Love wins every time.

“My son and I already talk about gender issues, as well as the meaning and importance of consent in all settings. Following his lead, we have just started delving into death and dying, discrimination, and violence. My knee-jerk is to sweep these things away, leave the path in front of him clean, and do everything I can to make sure he stays as pure as he is today for as long as I can. But what I have found is that when I follow his lead, he is ready. Orlando changed everything. I want him to know that there are people out there who hate his moms simply because we are both women who are in love. I want him to digest that information in his quickly growing, ever changing, and completely innocent brain. I want him to tell me what he thinks about that. Why that might be. What could be done differently. How he thinks it should be. How he can contribute transforming his ideas into reality. I want him to know that sometimes people are so sick with anger or fear or sorrow or hate that they hurt other people, hurt them so badly that they never get better and that their families are left to pick up the pieces of their hearts and will never be the same ever again. I want him to practice empathy and tell me how he would feel if he lost someone, what he could do if he ever felt so angry, afraid, sad, or hateful that he didn't know where to turn, and what he thinks about people that have committed these atrocities.

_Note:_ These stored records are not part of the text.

(* Let $m \ge 2$, $n \ge 2$, and for $1 \le i \le m$ let $f_i(x) = x^T A_i x + c_i^T x + d_i$ be quadratics on $\mathbb{R}^n$ with $A_i$ symmetric, where $f_1(x) = \|x\|^2 - 1$. For $2 \le i \le m$ let $U_i > 0$ satisfy $|f_i(x)| \le U_i$ for all $x$ with $\|x\|^2 \le 2$. Then the system $f_i(x) \le 0$, $1 \le i \le m$, is feasible if and only if the following system in the real variables $v_0, x_1,\ldots,x_n, s_1,\ldots,s_m, w_2,\ldots,w_m$ is feasible: $$x^T A_i x + c_i^T v_0 x + d_i v_0^2 + s_i^2 = 0, \quad 1 \le i \le m,$$ $$\frac{s_i^2 + w_i^2}{U_i} - v_0^2 = 0, \quad 2 \le i \le m,$$ $$\|x\|^2 + s_1^2 + \sum_{i=2}^m \frac{s_i^2 + w_i^2}{U_i} + v_0^2 = m+1.$$ *)

theory Defs
  imports "HOL-Analysis.Analysis"
begin

definition quad :: "real^'n^'n \<Rightarrow> real^'n \<Rightarrow> real \<Rightarrow> real^'n \<Rightarrow> real" where
  "quad A c d x = x \<bullet> (A *v x) + c \<bullet> x + d"

end

theory Submission
  imports Defs
begin

text \<open>
  A feasible point x of the original system satisfies \<open>\<parallel>x\<parallel> \<le> 1\<close>, so every \<open>f\<^sub>i(x)\<close> lies in
  \<open>[-U\<^sub>i, 0]\<close>; taking \<open>v\<^sub>0 = 1\<close>, \<open>s\<^sub>i = \<surd>(-f\<^sub>i(x))\<close> and \<open>w\<^sub>i = \<surd>(U\<^sub>i + f\<^sub>i(x))\<close> makes every weighted
  term \<open>(s\<^sub>i\<^sup>2 + w\<^sub>i\<^sup>2)/U\<^sub>i\<close> equal to 1, which gives the normalisation.
  Conversely, homogenising \<open>f\<^sub>1 = \<parallel>x\<parallel>\<^sup>2 - 1\<close> turns the first equation into \<open>\<parallel>x\<parallel>\<^sup>2 + s\<^sub>1\<^sup>2 = v\<^sub>0\<^sup>2\<close>,
  and each weighted term equals \<open>v\<^sub>0\<^sup>2\<close>, so the normalisation reads \<open>(m+1) v\<^sub>0\<^sup>2 = m+1\<close>.
  Hence \<open>v\<^sub>0 = \<plusminus>1\<close>, and then \<open>f\<^sub>i(v\<^sub>0 x)\<close> is the homogenised value \<open>-s\<^sub>i\<^sup>2 \<le> 0\<close>.
\<close>

definition hquad :: "real^'n^'n \<Rightarrow> real^'n \<Rightarrow> real \<Rightarrow> real \<Rightarrow> real^'n \<Rightarrow> real" where
  "hquad A c d v x = x \<bullet> (A *v x) + v * (c \<bullet> x) + d * v\<^sup>2"

definition lifted_system ::
    "nat \<Rightarrow> (nat \<Rightarrow> real^'n^'n) \<Rightarrow> (nat \<Rightarrow> real^'n) \<Rightarrow> (nat \<Rightarrow> real) \<Rightarrow> (nat \<Rightarrow> real) \<Rightarrow>
     real \<Rightarrow> real^'n \<Rightarrow> (nat \<Rightarrow> real) \<Rightarrow> (nat \<Rightarrow> real) \<Rightarrow> bool" where
  "lifted_system m A c d U v x s w \<longleftrightarrow>
     (\<forall>i\<in>{1..m}. hquad (A i) (c i) (d i) v x + (s i)\<^sup>2 = 0) \<and>
     (\<forall>i\<in>{2..m}. ((s i)\<^sup>2 + (w i)\<^sup>2) / U i = v\<^sup>2) \<and>
     norm x ^ 2 + (s 1)\<^sup>2 + (\<Sum>i=2..m. ((s i)\<^sup>2 + (w i)\<^sup>2) / U i) + v\<^sup>2 = real m + 1"

lemma quad_scaleR_eq_hquad:
  assumes "v\<^sup>2 = 1"
  shows "quad A c d (v *\<^sub>R x) = hquad A c d v x"
  using assms
  by (simp add: quad_def hquad_def matrix_vector_mult_scaleR power2_eq_square)

lemma quad_eqD:
  assumes "\<And>y. quad A c d y = quad A' c' d' y"
  shows "x \<bullet> (A *v x) = x \<bullet> (A' *v x)" and "c \<bullet> x = c' \<bullet> x" and "d = d'"
proof -
  show d: "d = d'" using assms[of 0] by (simp add: quad_def)
  have "x \<bullet> (A *v x) + c \<bullet> x = x \<bullet> (A' *v x) + c' \<bullet> x"
    using assms[of x] d by (simp add: quad_def)
  moreover have "x \<bullet> (A *v x) - c \<bullet> x = x \<bullet> (A' *v x) - c' \<bullet> x"
    using assms[of "(-1) *\<^sub>R x"] d unfolding quad_def matrix_vector_mult_scaleR by simp
  ultimately show "x \<bullet> (A *v x) = x \<bullet> (A' *v x)" and "c \<bullet> x = c' \<bullet> x"
    by linarith+
qed

lemma hquad_unit_sphere:
  assumes "\<And>y. quad A c d y = norm y ^ 2 - 1"
  shows "hquad A c d v x = norm x ^ 2 - v\<^sup>2"
proof -
  have "quad A c d y = quad (mat 1) 0 (-1) y" for y
    using assms by (simp add: quad_def power2_norm_eq_inner)
  from quad_eqD[OF this] show ?thesis
    by (simp add: hquad_def power2_norm_eq_inner)
qed

lemma feasible_imp_lifted_system:
  assumes "1 \<le> m"
    and unit: "\<And>y. quad (A 1) (c 1) (d 1) y = norm y ^ 2 - 1"
    and Upos: "\<And>i. i \<in> {2..m} \<Longrightarrow> U i > 0"
    and Ubnd: "\<And>i. i \<in> {2..m} \<Longrightarrow> \<bar>quad (A i) (c i) (d i) x\<bar> \<le> U i"
    and feasible: "\<And>i. i \<in> {1..m} \<Longrightarrow> quad (A i) (c i) (d i) x \<le> 0"
  shows "lifted_system m A c d U 1 x
           (\<lambda>i. sqrt (- quad (A i) (c i) (d i) x)) (\<lambda>i. sqrt (U i + quad (A i) (c i) (d i) x))"
    (is "lifted_system m A c d U 1 x ?s ?w")
proof -
  have s: "(?s i)\<^sup>2 = - quad (A i) (c i) (d i) x" if "i \<in> {1..m}" for i
    using feasible[OF that] by simp
  have weight: "((?s i)\<^sup>2 + (?w i)\<^sup>2) / U i = 1" if i: "i \<in> {2..m}" for i
  proof -
    have "(?w i)\<^sup>2 = U i + quad (A i) (c i) (d i) x" using Ubnd[OF i] by simp
    with s[of i] i Upos[OF i] show ?thesis by simp
  qed
  have "(\<Sum>i=2..m. ((?s i)\<^sup>2 + (?w i)\<^sup>2) / U i) = real m - 1"
    using weight \<open>1 \<le> m\<close> by (simp add: of_nat_diff)
  moreover have "norm x ^ 2 \<le> 1"
    using feasible[of 1] unit[of x] \<open>1 \<le> m\<close> by simp
  moreover have "hquad (A i) (c i) (d i) 1 x = quad (A i) (c i) (d i) x" for i
    using quad_scaleR_eq_hquad[of 1 "A i" "c i" "d i" x] by simp
  ultimately show ?thesis
    using s weight unit[of x] unfolding lifted_system_def by simp
qed

lemma lifted_system_imp_feasible:
  assumes "1 \<le> m"
    and unit: "\<And>y. quad (A 1) (c 1) (d 1) y = norm y ^ 2 - 1"
    and lifted: "lifted_system m A c d U v x s w"
  shows "\<forall>i\<in>{1..m}. quad (A i) (c i) (d i) (v *\<^sub>R x) \<le> 0"
proof -
  have eq: "\<And>i. i \<in> {1..m} \<Longrightarrow> hquad (A i) (c i) (d i) v x + (s i)\<^sup>2 = 0"
    and weight: "\<And>i. i \<in> {2..m} \<Longrightarrow> ((s i)\<^sup>2 + (w i)\<^sup>2) / U i = v\<^sup>2"
    and normal: "norm x ^ 2 + (s 1)\<^sup>2 + (\<Sum>i=2..m. ((s i)\<^sup>2 + (w i)\<^sup>2) / U i) + v\<^sup>2 = real m + 1"
    using lifted unfolding lifted_system_def by auto
  have "norm x ^ 2 + (s 1)\<^sup>2 = v\<^sup>2"
    using eq[of 1] \<open>1 \<le> m\<close> hquad_unit_sphere[OF unit] by simp
  moreover have "(\<Sum>i=2..m. ((s i)\<^sup>2 + (w i)\<^sup>2) / U i) = (real m - 1) * v\<^sup>2"
    using weight \<open>1 \<le> m\<close> by (simp add: of_nat_diff)
  ultimately have "(real m + 1) * (v\<^sup>2 - 1) = 0"
    using normal by (simp add: algebra_simps)
  then have "v\<^sup>2 = 1" by simp
  then show ?thesis
    using eq by (simp add: quad_scaleR_eq_hquad add_eq_0_iff2)
qed

theorem corollary1:
  fixes m :: nat
    and A :: "nat \<Rightarrow> real^'n^'n" and c :: "nat \<Rightarrow> real^'n" and d :: "nat \<Rightarrow> real"
    and U :: "nat \<Rightarrow> real"
  assumes "m \<ge> 2" and "CARD('n) \<ge> 2"
    and sym: "\<And>i. 1 \<le> i \<Longrightarrow> i \<le> m \<Longrightarrow> transpose (A i) = A i"
    and f1: "\<And>x. quad (A 1) (c 1) (d 1) x = norm x ^ 2 - 1"
    and Upos: "\<And>i. 2 \<le> i \<Longrightarrow> i \<le> m \<Longrightarrow> U i > 0"
    and Ubnd: "\<And>i x. 2 \<le> i \<Longrightarrow> i \<le> m \<Longrightarrow> norm x ^ 2 \<le> 2 \<Longrightarrow>
                 \<bar>quad (A i) (c i) (d i) x\<bar> \<le> U i"
  shows "(\<exists>x. \<forall>i\<in>{1..m}. quad (A i) (c i) (d i) x \<le> 0) \<longleftrightarrow>
         (\<exists>(v0::real) (x::real^'n) (s::nat \<Rightarrow> real) (w::nat \<Rightarrow> real).
            (\<forall>i\<in>{1..m}. x \<bullet> (A i *v x) + v0 * (c i \<bullet> x) + d i * v0 ^ 2 + (s i) ^ 2 = 0) \<and>
            (\<forall>i\<in>{2..m}. ((s i) ^ 2 + (w i) ^ 2) / U i - v0 ^ 2 = 0) \<and>
            norm x ^ 2 + (s 1) ^ 2 + (\<Sum>i=2..m. ((s i) ^ 2 + (w i) ^ 2) / U i) + v0 ^ 2
              = real m + 1)"
proof -
  have "1 \<le> m" using \<open>m \<ge> 2\<close> by simp
  have "(\<exists>x. \<forall>i\<in>{1..m}. quad (A i) (c i) (d i) x \<le> 0) \<longleftrightarrow>
        (\<exists>v x s w. lifted_system m A c d U v x s w)"
  proof
    assume "\<exists>x. \<forall>i\<in>{1..m}. quad (A i) (c i) (d i) x \<le> 0"
    then obtain x where feasible: "\<forall>i\<in>{1..m}. quad (A i) (c i) (d i) x \<le> 0" by blast
    then have "norm x ^ 2 \<le> 2" using f1[of x] \<open>1 \<le> m\<close> by force
    then show "\<exists>v x s w. lifted_system m A c d U v x s w"
      using feasible_imp_lifted_system[of m A c d U x] f1 Upos Ubnd feasible \<open>1 \<le> m\<close>
      by fastforce
  next
    assume "\<exists>v x s w. lifted_system m A c d U v x s w"
    then show "\<exists>x. \<forall>i\<in>{1..m}. quad (A i) (c i) (d i) x \<le> 0"
      using lifted_system_imp_feasible[of m A c d] f1 \<open>1 \<le> m\<close> by blast
  qed
  then show ?thesis
    unfolding lifted_system_def hquad_def by simp
qed

end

"He is so much more brilliant than I am in so many ways. I want to stop hiding him from the world, trust him to tell me what he needs to know and when, and then let him tell me what he believes the truth to be. He and I can dream up solutions together, plan ways to take action and be a part of the healing, and talk about the really hard stuff like how to look at our own prejudices, judgments, and impulses to cause harm.

“Orlando changed everything. It no longer feels like enough to model compassion and honesty and gratitude for my children. I look at those 49 faces and I feel certain that they deserve more. I will sit down with my children and face the truth with them. I will not send them off into the world naive, alone, and ashamed of the darkest parts of themselves. I will be honest with them and I will do my best to help shape two more people who will go out into the world to help, to heal, to forgive, and to create change.”

Ellen M., 58

Ellen has one child, Maya, 15.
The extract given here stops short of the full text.